LDB’s quarterly share market review: 2017 year in review
December 19, 2017
With just a few trading days left in 2017, the Australian share market is shaping up for a good end to the calendar year.
This is largely due to the strong rally since October, with the All Ordinaries Index finally breaching the 6,000-point mark for the first time since the Global Financial Crisis. It has remained above that benchmark since then.
This was a welcome relief for investors. The August/September reporting period was mixed, but generally fell short of expectations, contributing to a lengthy flat period through the July to September quarter.
After watching its share price drop by more than 36% from its January high, Telstra surprised the market with a 20% cut in the dividend.
However, the more sustainable yield combined with plans to diversify and transform the company has been met with positive reactions.
Banks have been a drag on the market, with the big four finishing the year flat or slightly down.
This was due to lower revenue growth, rising capital requirements, increased legal action and falling consumer sentiment.
The recently announced Royal Commission adds another component of uncertainty to this sector.
Despite healthy retail sales figures and fairly good results, retail stocks have suffered from negative sentiment associated with low wages growth and the entry of Amazon into the Australian market.

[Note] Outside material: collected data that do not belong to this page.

lemma integrable_huber:
  assumes "0 \<le> R" and f: "integrable M f"
  shows "integrable M (\<lambda>x. huber R (f x))"
proof (rule Bochner_Integration.integrable_bound)
  show "integrable M (\<lambda>x. R * \<bar>f x\<bar>)" using f by auto
  show "(\<lambda>x. huber R (f x)) \<in> borel_measurable M"
    using borel_measurable_integrable[OF f] by measurable
  show "AE x in M. norm (huber R (f x)) \<le> norm (R * \<bar>f x\<bar>)"
    using assms(1) by (simp add: huber_nonneg huber_le_mult_abs)
qed

lemma abs_inner_le_mult:
  assumes "norm v \<le> K" "norm x \<le> L"
  shows "\<bar>v \<bullet> x\<bar> \<le> K * L"
proof -
  have "\<bar>v \<bullet> x\<bar> \<le> norm v * norm x" by (rule Cauchy_Schwarz_ineq2)
  also have "\<dots> \<le> K * L"
    using assms order_trans[OF norm_ge_zero assms(1)] by (intro mult_mono) auto
  finally show ?thesis .
qed

lemma (in prob_space) integrable_bounded:
  fixes f :: "'a \<Rightarrow> real"
  assumes "AE x in M. \<bar>f x\<bar> \<le> K" "f \<in> borel_measurable M"
  shows "integrable M f" "integrable M (\<lambda>x. (f x)\<^sup>2)"
proof -
  show "integrable M f" using assms by (intro integrable_const_bound[of _ K]) auto
  have "AE x in M. norm ((f x)\<^sup>2) \<le> K\<^sup>2"
    using assms(1) by eventually_elim (metis abs_ge_zero norm_power power_mono real_norm_def)
  then show "integrable M (\<lambda>x. (f x)\<^sup>2)"
    using assms(2) by (intro integrable_const_bound) auto
qed

lemma (in prob_space) integrable_bounded_pair:
  fixes z e :: "'a \<Rightarrow> real"
  assumes "AE \<omega> in M. \<bar>z \<omega>\<bar> + \<bar>e \<omega>\<bar> \<le> K" "random_variable borel z" "random_variable borel e"
  shows "integrable M z" "integrable M (\<lambda>\<omega>. (z \<omega>)\<^sup>2)"
    and "integrable M e" "integrable M (\<lambda>\<omega>. (e \<omega>)\<^sup>2)"
proof -
  have "AE \<omega> in M. \<bar>z \<omega>\<bar> \<le> K \<and> \<bar>e \<omega>\<bar> \<le> K"
    using assms(1) by eventually_elim linarith
  then have "AE \<omega> in M. \<bar>z \<omega>\<bar> \<le> K" "AE \<omega> in M. \<bar>e \<omega>\<bar> \<le> K"
    by auto
  with assms(2,3) show "integrable M z" "integrable M (\<lambda>\<omega>. (z \<omega>)\<^sup>2)"
    and "integrable M e" "integrable M (\<lambda>\<omega>. (e \<omega>)\<^sup>2)"
    by (auto intro: integrable_bounded)
qed
lemma tendsto_0_if_derivative_le_neg_mult:
  assumes deriv: "\<And>t. t \<ge> 0 \<Longrightarrow> (f has_real_derivative f' t) (at t within {0..})"
    and "k > 0" and nonneg: "\<And>t. t \<ge> 0 \<Longrightarrow> f t \<ge> 0"
    and "eventually (\<lambda>t. f' t \<le> - k * f t) at_top"
  shows "(f \<longlongrightarrow> 0) at_top"
proof -
  obtain N where N: "N \<ge> 0" "\<And>t. t \<ge> N \<Longrightarrow> f' t \<le> - k * f t"
    using assms(4) unfolding eventually_at_top_linorder by (metis max.cobounded1 max.boundedE)
  have "((\<lambda>t. f N * exp (- k * (t - N))) \<longlongrightarrow> 0) at_top"
    using \<open>k > 0\<close> by real_asymp
  moreover have "eventually (\<lambda>t. norm (f t) \<le> f N * exp (- k * (t - N))) at_top"
    unfolding eventually_at_top_linorder
    using le_exp_decay_if_derivative_le[OF deriv] N nonneg by (auto intro!: exI[of _ N])
  ultimately show ?thesis by (rule Lim_null_comparison[rotated])
qed

lemma filterlim_at_top_if_derivative_ge:
  assumes deriv: "\<And>t. t \<ge> 0 \<Longrightarrow> (f has_real_derivative f' t) (at t within {0..})"
    and "c > 0" and "eventually (\<lambda>t. f' t \<ge> c) at_top"
  shows "filterlim f at_top at_top"
proof -
  obtain N where N: "N \<ge> 0" "\<And>t. t \<ge> N \<Longrightarrow> f' t \<ge> c"
    using assms(3) unfolding eventually_at_top_linorder by (metis max.cobounded1 max.boundedE)
  have "- f t \<le> - f N + (- c) * (t - N)" if "t \<ge> N" for t
    by (rule le_linear_if_derivative_le[where f' = "\<lambda>t. - f' t"])
       (use that N deriv in \<open>auto intro: DERIV_minus\<close>)
  then have "eventually (\<lambda>t. f N + c * (t - N) \<le> f t) at_top"
    unfolding eventually_at_top_linorder by (auto simp: algebra_simps)
  moreover have "filterlim (\<lambda>t. f N + c * (t - N)) at_top at_top"
    using \<open>c > 0\<close> by real_asymp
  ultimately show ?thesis using filterlim_at_top_mono by blast
qed

section \<open>The reduced system\<close>

lemma pSL_plus_qSL_cyclic_eq_0:
  "pSL (-x) y z + qSL (-x) y z + qSL y (-x) z + qSL z (-x) y = 0"
  unfolding pSL_def qSL_def by algebra
(* Consider the Gaussian broadcast model on $P=\mathcal{HS}_3$ with $\alpha_3=1/3$. Let $M,t$ be integers with $M\ge2^5$ and $t\ge2^{24}M^6$. Then for all integers $i,j,i',j'$ with $\max\{|i-i'|,|j-j'|\}\le2M$, $$\log t\ge\operatorname{Var}\big(X_{(i,j,t-i-j)}\big)\ge\operatorname{Cov}\big(X_{(i,j,t-i-j)},X_{(i',j',t-i'-j')}\big)\ge\frac{\log t}{400}.$$
   Context: Infinite model: $\mathcal{HS}_{d+1}=\{(x_1,\dots,x_{d+1})\in\mathbb Z^{d+1}:x_1+\dots+x_{d+1}\ge0\}$ with $u\le v$ iff $v-u\in\mathbb Z_{\ge0}^{d+1}$; layer $L_t$ = points with coordinate sum $t$; each point $v$ of rank $\ge1$ covers exactly the $d+1$ points $v-e_i$ (the set $\mathfrak p(v)$). Gaussian broadcast model: $X_0\sim\mathcal N(0,1)$; independently, i.i.d. $W_{u\to v}\sim\mathcal N(0,1)$ for covering pairs $u\lessdot v$; $X_v=X_0$ for every $v\in L_0$; and $X_v=\alpha_{d+1}\sum_{u\in\mathfrak p(v)}(X_u+W_{u\to v})$ for $v$ of rank $\ge1$. Here $d=2$; $\log$ is the natural logarithm. *)

theory Defs
  imports "HOL-Probability.Probability"
begin

type_synonym point = "int \<times> int \<times> int"

definition rank :: "point \<Rightarrow> int" where
  "rank v = (case v of (a, b, c) \<Rightarrow> a + b + c)"

definition HS3 :: "point set" where
  "HS3 = {v. rank v \<ge> 0}"

definition pred_pt :: "nat \<Rightarrow> point \<Rightarrow> point" where
  "pred_pt i v = (case v of (a, b, c) \<Rightarrow>
     if i = 0 then (a - 1, b, c) else if i = 1 then (a, b - 1, c) else (a, b, c - 1))"

definition cover_edges :: "(point \<times> point) set" where
  "cover_edges = {(u, v). v \<in> HS3 \<and> rank v \<ge> 1 \<and> (\<exists>i<3. u = pred_pt i v)}"

text \<open>Recursive definition of the broadcast values: given the root value x0 and
  edge noises w, bx x0 w n v is the value at a point v of rank n.\<close>
fun bx :: "real \<Rightarrow> real \<Rightarrow> (point \<times> point \<Rightarrow> real) \<Rightarrow> nat \<Rightarrow> point \<Rightarrow> real" where
  "bx \<alpha> x0 w 0 v = x0"
| "bx \<alpha> x0 w (Suc n) v =
     \<alpha> * (\<Sum>i<3. bx \<alpha> x0 w n (pred_pt i v) + w (pred_pt i v, v))"

definition broadcastX ::
  "real \<Rightarrow> ('w \<Rightarrow> real) \<Rightarrow> (point \<times> point \<Rightarrow> 'w \<Rightarrow> real) \<Rightarrow> point \<Rightarrow> 'w \<Rightarrow> real" where
  "broadcastX \<alpha> X0 W v = (\<lambda>\<omega>. bx \<alpha> (X0 \<omega>) (\<lambda>e. W e \<omega>) (nat (rank v)) v)"
(* Let $p,q$ be integers with $p\ge2$ and $0<q<p$, and let $D=D(g,f)$ be the recursive matrix with $g(x)=(1-p^2x)^{-q/p}$ and $f(x)=\dfrac{-x}{1-p^2x}$. Then for all integers $n\ge0$ and $m\ge0$, \[ D_{n,-m}=Q(p,q)_{n,m}=\frac{p^{2(n+m)}\,(q/p)_n\,\bigl((p-q)/p\bigr)_m}{(n+m)!}. \] That is, the matrix of $(p,q)$-super Patalan numbers forms the lower left quadrant ($n\ge0$, $k=-m\le0$) of $D$, with the column order reversed.
   Context: For power series $g(x)=\sum_{k\ge0}g_kx^k$ and $f(x)=\sum_{k\ge0}f_kx^k$ with $f_0=0$ and $f_1\ne0$, the recursive matrix $D(g,f)$ is the doubly infinite matrix with entries $D_{n,k}=[x^n]\bigl(g(x)f(x)^k\bigr)$ for all integers $n,k$, where for $k<0$, $f(x)^k$ denotes the multiplicative inverse of $f(x)^{-k}$ in the ring of formal Laurent series. The $(p,q)$-super Patalan numbers are $Q(p,q)_{n,m}=\frac{p^{2(n+m)}(q/p)_n((p-q)/p)_m}{(n+m)!}$ for $n,m\ge0$, where $(\alpha)_r=\alpha(\alpha+1)\cdots(\alpha+r-1)$ is the rising factorial with $(\alpha)_0=1$ (for $p=2,q=1$ these are the super Catalan numbers $\frac{(2n)!(2m)!}{n!\,m!\,(n+m)!}$). *)

theory Defs
  imports "HOL-Computational_Algebra.Formal_Laurent_Series"
begin

definition recmat :: "'a::field fps \<Rightarrow> 'a fps \<Rightarrow> int \<Rightarrow> int \<Rightarrow> 'a" where
  "recmat g f n k = fls_nth (fps_to_fls g * (fps_to_fls f) powi k) n"

definition super_patalan :: "int \<Rightarrow> int \<Rightarrow> nat \<Rightarrow> nat \<Rightarrow> real" where
  "super_patalan p q n m =
     (real_of_int p) ^ (2 * (n + m)) * pochhammer (real_of_int q / real_of_int p) n
       * pochhammer (real_of_int (p - q) / real_of_int p) m / fact (n + m)"

text \<open>g(x) = (1 - p^2 x)^(-q/p), as the generalized binomial series.\<close>
definition patalan_g :: "int \<Rightarrow> int \<Rightarrow> real fps" where
  "patalan_g p q = fps_compose (fps_binomial (- (real_of_int q / real_of_int p)))
                     (- (of_int (p^2) * fps_X))"

definition patalan_f :: "int \<Rightarrow> real fps" where
  "patalan_f p = - fps_X * inverse (1 - of_int (p^2) * fps_X)"

end

theory Submission imports Defs begin

text \<open>Write \<open>f = x H\<close> with \<open>H(0) \<noteq> 0\<close>; then column \<open>-m\<close> of \<open>D(g,f)\<close> is the power series
  \<open>g H^(-m)\<close> shifted by \<open>m\<close>. Here \<open>1/H = -(1 - p^2 x)\<close>, so \<open>g H^(-m) = (-1)^m (1 - p^2 x)^(m - q/p)\<close>
  is a single binomial series. Its coefficients are generalized binomial coefficients, which
  split into the two Pochhammer symbols of the super Patalan number.\<close>

lemma recmat_neg_column:
  fixes G H :: "'a::field fps"
  assumes "H $ 0 \<noteq> 0"
  shows "recmat G (fps_X * H) (int n) (- int m) = (G * inverse H ^ m) $ (n + m)"
proof -
  have inverse_XH: "inverse (fps_to_fls (fps_X * H)) = fls_X_inv * fps_to_fls (inverse H)"
  proof (rule inverse_unique)
    have "fps_to_fls (fps_X * H) * (fls_X_inv * fps_to_fls (inverse H))
        = (fls_X * fls_X_inv) * fps_to_fls (H * inverse H)"
      by (simp add: fls_times_fps_to_fls mult_ac)
    also have "\<dots> = 1"
      using assms by (simp add: fls_X_times_conv_shift fls_X_inv_times_conv_shift inverse_mult_eq_1')
    finally show "fps_to_fls (fps_X * H) * (fls_X_inv * fps_to_fls (inverse H)) = 1" .
  qed
  have "fps_to_fls (fps_X * H) powi (- int m) = (fls_X_inv * fps_to_fls (inverse H)) ^ m"
    by (simp only: power_int_minus power_int_of_nat flip: inverse_XH) (rule power_inverse[symmetric])
  also have "\<dots> = fls_shift (int m) (fps_to_fls (inverse H ^ m))"
    by (simp only: power_mult_distrib fps_to_fls_power fls_X_inv_power_times_conv_shift)
  finally have "fps_to_fls G * fps_to_fls (fps_X * H) powi (- int m)
      = fls_shift (int m) (fps_to_fls (G * inverse H ^ m))"
    by (simp only: fls_times_fps_to_fls fls_shifted_times_simps)
  then show ?thesis
    by (simp add: recmat_def flip: of_nat_add)
qed

lemma fps_nth_mult_minus_power:
  fixes G L :: "'a::comm_ring_1 fps"
  shows "(G * (- L) ^ m) $ N = (-1) ^ m * (G * L ^ m) $ N"
proof -
  have "(- L) ^ m = fps_const ((-1) ^ m) * L ^ m"
    by (induction m) (simp_all add: algebra_simps flip: fps_const_neg fps_const_mult)
  then show ?thesis
    by (simp only: mult.left_commute[of _ "fps_const _"] fps_mult_left_const_nth)
qed

lemma fps_binomial_compose_times_power_nth:
  fixes a c :: "'a::field_char_0"
  shows "((fps_binomial a oo - (fps_const c * fps_X)) * (1 - fps_const c * fps_X) ^ m) $ N
       = (a + of_nat m gchoose N) * (- c) ^ N"
proof -
  define Y :: "'a fps" where "Y = fps_const (- c) * fps_X"
  have Y0: "Y $ 0 = 0"
    by (simp add: Y_def)
  have minus_cX: "- (fps_const c * fps_X) = Y"
    by (simp add: Y_def fps_const_neg)
  have "1 - fps_const c * fps_X = (1 + fps_X) oo Y"
    by (simp add: Y_def fps_compose_add_distrib fps_const_neg)
  then have "(1 - fps_const c * fps_X) ^ m = fps_binomial (of_nat m) oo Y"
    by (simp add: fps_compose_power[OF Y0] fps_binomial_of_nat)
  then have "(fps_binomial a oo - (fps_const c * fps_X)) * (1 - fps_const c * fps_X) ^ m
      = fps_binomial (a + of_nat m) oo Y"
    by (simp add: minus_cX fps_compose_mult_distrib[OF Y0] fps_binomial_add_mult)
  then show ?thesis
    by (simp add: Y_def fps_compose_linear)
qed

lemma gbinomial_shift_pochhammer:
  fixes a :: "'a::field_char_0"
  shows "(of_nat m - a gchoose (n + m))
       = (-1) ^ n * pochhammer a n * pochhammer (1 - a) m / fact (n + m)"
proof -
  have "pochhammer (a - of_nat m) m = (-1) ^ m * pochhammer (1 - a) m"
    using pochhammer_minus[of "of_nat m - a" m] by simp
  then have "pochhammer (a - of_nat m) (m + n) = (-1) ^ m * pochhammer (1 - a) m * pochhammer a n"
    by (simp add: pochhammer_product')
  then show ?thesis
    by (simp add: gbinomial_pochhammer add.commute[of n m] power_add mult_ac)
qed

theorem theorem4:
  fixes p q :: int
  assumes "p \<ge> 2" and "0 < q" and "q < p"
  shows "\<forall>n m :: nat. recmat (patalan_g p q) (patalan_f p) (int n) (- int m)
           = super_patalan p q n m"
proof (intro allI)
  fix n m :: nat
  define c :: real where "c = of_int (p ^ 2)"
  define L :: "real fps" where "L = 1 - fps_const c * fps_X"
  define a :: real where "a = of_int q / of_int p"
  have p: "real_of_int p \<noteq> 0"
    using assms by simp
  have c: "(of_int (p ^ 2) :: real fps) = fps_const c"
    by (simp only: c_def fps_of_int)
  have f: "patalan_f p = fps_X * - inverse L"
    unfolding patalan_f_def L_def c by simp
  have g: "patalan_g p q = fps_binomial (- a) oo - (fps_const c * fps_X)"
    unfolding patalan_g_def a_def c ..
  have L0: "L $ 0 \<noteq> 0"
    by (simp add: L_def)
  have "recmat (patalan_g p q) (patalan_f p) (int n) (- int m)
      = (patalan_g p q * inverse (- inverse L) ^ m) $ (n + m)"
    unfolding f by (rule recmat_neg_column) (simp add: L0)
  also have "\<dots> = (patalan_g p q * (- L) ^ m) $ (n + m)"
    by (simp only: fps_inverse_minus fps_inverse_idempotent[OF L0])
  also have "\<dots> = (-1) ^ m * (patalan_g p q * L ^ m) $ (n + m)"
    by (rule fps_nth_mult_minus_power)
  also have "\<dots> = (-1) ^ m * (of_nat m - a gchoose (n + m)) * (- c) ^ (n + m)"
    unfolding g L_def fps_binomial_compose_times_power_nth by simp
  also have "\<dots> = c ^ (n + m) * pochhammer a n * pochhammer (1 - a) m / fact (n + m)"
    by (simp add: gbinomial_shift_pochhammer power_minus[of c] power_add)
  also have "\<dots> = super_patalan p q n m"
    using p by (simp add: super_patalan_def c_def a_def diff_divide_distrib flip: power_mult)
  finally show "recmat (patalan_g p q) (patalan_f p) (int n) (- int m) = super_patalan p q n m" .
qed

end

However, the consumer staples sector, representing the things we all need, delivered strong performance. And with Amazon now launched and its pricing revealed, the online retailing juggernaut may not represent the threat many of its competitors feared.
Resources and energy stocks have fared better due to recovering commodity and energy prices and reductions in debt.
Both the energy and materials sector indices outperformed the overall market this year. The industrials sector was another strong performer, and healthcare was a standout sector, dominated by CSL.
Despite a bit of a bumpy ride, shares in the blood products company gained about 50% over the year.
Most of the gains on the Australian share market this year have come from the smaller end of the market, with the Small Ordinaries Index (which comprises ASX listed companies ranked 101 – 300) far outpacing the ASX200.
Outlook for 2018
Some indications of increases in capital expenditure and business sentiment have helped the market and we hope this continues into 2018.
Large infrastructure projects are just getting underway in some states and employment is strong. However, low wage growth is still a problem that could continue to weigh on the retail sector.
Despite the overall low growth environment, our outlook for the market is cautiously optimistic for 2018.
However, we believe that diversification across all asset classes is the best option for consistent wealth creation.